* Task to carry out:
The listing below should be copied in full, word for word.

* Information provided:
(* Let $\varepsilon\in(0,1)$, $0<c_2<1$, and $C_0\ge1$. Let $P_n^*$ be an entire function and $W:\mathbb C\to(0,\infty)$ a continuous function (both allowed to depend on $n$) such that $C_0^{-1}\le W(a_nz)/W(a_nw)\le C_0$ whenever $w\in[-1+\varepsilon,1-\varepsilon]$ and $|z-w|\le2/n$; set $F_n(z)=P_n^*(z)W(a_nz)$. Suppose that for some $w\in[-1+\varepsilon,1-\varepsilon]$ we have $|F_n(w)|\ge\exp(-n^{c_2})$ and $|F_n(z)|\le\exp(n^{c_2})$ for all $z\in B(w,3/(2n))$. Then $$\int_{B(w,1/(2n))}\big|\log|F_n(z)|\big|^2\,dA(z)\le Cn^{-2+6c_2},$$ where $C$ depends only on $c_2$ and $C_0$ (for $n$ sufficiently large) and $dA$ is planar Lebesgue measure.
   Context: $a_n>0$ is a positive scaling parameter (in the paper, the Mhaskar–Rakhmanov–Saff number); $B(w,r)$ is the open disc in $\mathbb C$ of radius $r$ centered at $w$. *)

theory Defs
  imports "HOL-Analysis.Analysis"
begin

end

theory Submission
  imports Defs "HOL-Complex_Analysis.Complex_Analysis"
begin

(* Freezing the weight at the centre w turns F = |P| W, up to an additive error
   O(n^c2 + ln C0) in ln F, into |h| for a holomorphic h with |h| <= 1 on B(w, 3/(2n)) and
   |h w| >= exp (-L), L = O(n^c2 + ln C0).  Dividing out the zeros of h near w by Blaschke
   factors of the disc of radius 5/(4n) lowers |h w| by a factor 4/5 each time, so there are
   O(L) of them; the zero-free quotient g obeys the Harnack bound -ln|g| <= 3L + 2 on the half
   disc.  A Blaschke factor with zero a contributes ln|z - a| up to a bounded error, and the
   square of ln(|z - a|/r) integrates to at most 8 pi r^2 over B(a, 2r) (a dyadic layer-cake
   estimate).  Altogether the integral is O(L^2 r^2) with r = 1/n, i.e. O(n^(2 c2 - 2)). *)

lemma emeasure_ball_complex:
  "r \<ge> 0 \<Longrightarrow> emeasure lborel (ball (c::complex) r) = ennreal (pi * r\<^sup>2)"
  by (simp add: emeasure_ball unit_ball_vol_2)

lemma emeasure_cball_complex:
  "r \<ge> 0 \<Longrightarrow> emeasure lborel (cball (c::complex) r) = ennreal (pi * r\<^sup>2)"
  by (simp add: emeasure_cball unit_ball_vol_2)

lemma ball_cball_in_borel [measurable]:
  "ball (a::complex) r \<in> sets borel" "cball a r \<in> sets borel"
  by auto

* Solution to this exercise:
(* Let $\varepsilon\in(0,1)$, $0<c_2<1$, and $C_0\ge1$. Let $P_n^*$ be an entire function and $W:\mathbb C\to(0,\infty)$ a continuous function (both allowed to depend on $n$) such that $C_0^{-1}\le W(a_nz)/W(a_nw)\le C_0$ whenever $w\in[-1+\varepsilon,1-\varepsilon]$ and $|z-w|\le2/n$; set $F_n(z)=P_n^*(z)W(a_nz)$. Suppose that for some $w\in[-1+\varepsilon,1-\varepsilon]$ we have $|F_n(w)|\ge\exp(-n^{c_2})$ and $|F_n(z)|\le\exp(n^{c_2})$ for all $z\in B(w,3/(2n))$. Then $$\int_{B(w,1/(2n))}\big|\log|F_n(z)|\big|^2\,dA(z)\le Cn^{-2+6c_2},$$ where $C$ depends only on $c_2$ and $C_0$ (for $n$ sufficiently large) and $dA$ is planar Lebesgue measure.
   Context: $a_n>0$ is a positive scaling parameter (in the paper, the Mhaskar–Rakhmanov–Saff number); $B(w,r)$ is the open disc in $\mathbb C$ of radius $r$ centered at $w$. *)

theory Defs
  imports "HOL-Analysis.Analysis"
begin

end

theory Submission
  imports Defs "HOL-Complex_Analysis.Complex_Analysis"
begin

(* Freezing the weight at the centre w turns F = |P| W, up to an additive error
   O(n^c2 + ln C0) in ln F, into |h| for a holomorphic h with |h| <= 1 on B(w, 3/(2n)) and
   |h w| >= exp (-L), L = O(n^c2 + ln C0).  Dividing out the zeros of h near w by Blaschke
   factors of the disc of radius 5/(4n) lowers |h w| by a factor 4/5 each time, so there are
   O(L) of them; the zero-free quotient g obeys the Harnack bound -ln|g| <= 3L + 2 on the half
   disc.  A Blaschke factor with zero a contributes ln|z - a| up to a bounded error, and the
   square of ln(|z - a|/r) integrates to at most 8 pi r^2 over B(a, 2r) (a dyadic layer-cake
   estimate).  Altogether the integral is O(L^2 r^2) with r = 1/n, i.e. O(n^(2 c2 - 2)). *)

lemma emeasure_ball_complex:
  "r \<ge> 0 \<Longrightarrow> emeasure lborel (ball (c::complex) r) = ennreal (pi * r\<^sup>2)"
  by (simp add: emeasure_ball unit_ball_vol_2)

lemma emeasure_cball_complex:
  "r \<ge> 0 \<Longrightarrow> emeasure lborel (cball (c::complex) r) = ennreal (pi * r\<^sup>2)"
  by (simp add: emeasure_cball unit_ball_vol_2)

lemma ball_cball_in_borel [measurable]:
  "ball (a::complex) r \<in> sets borel" "cball a r \<in> sets borel"
  by auto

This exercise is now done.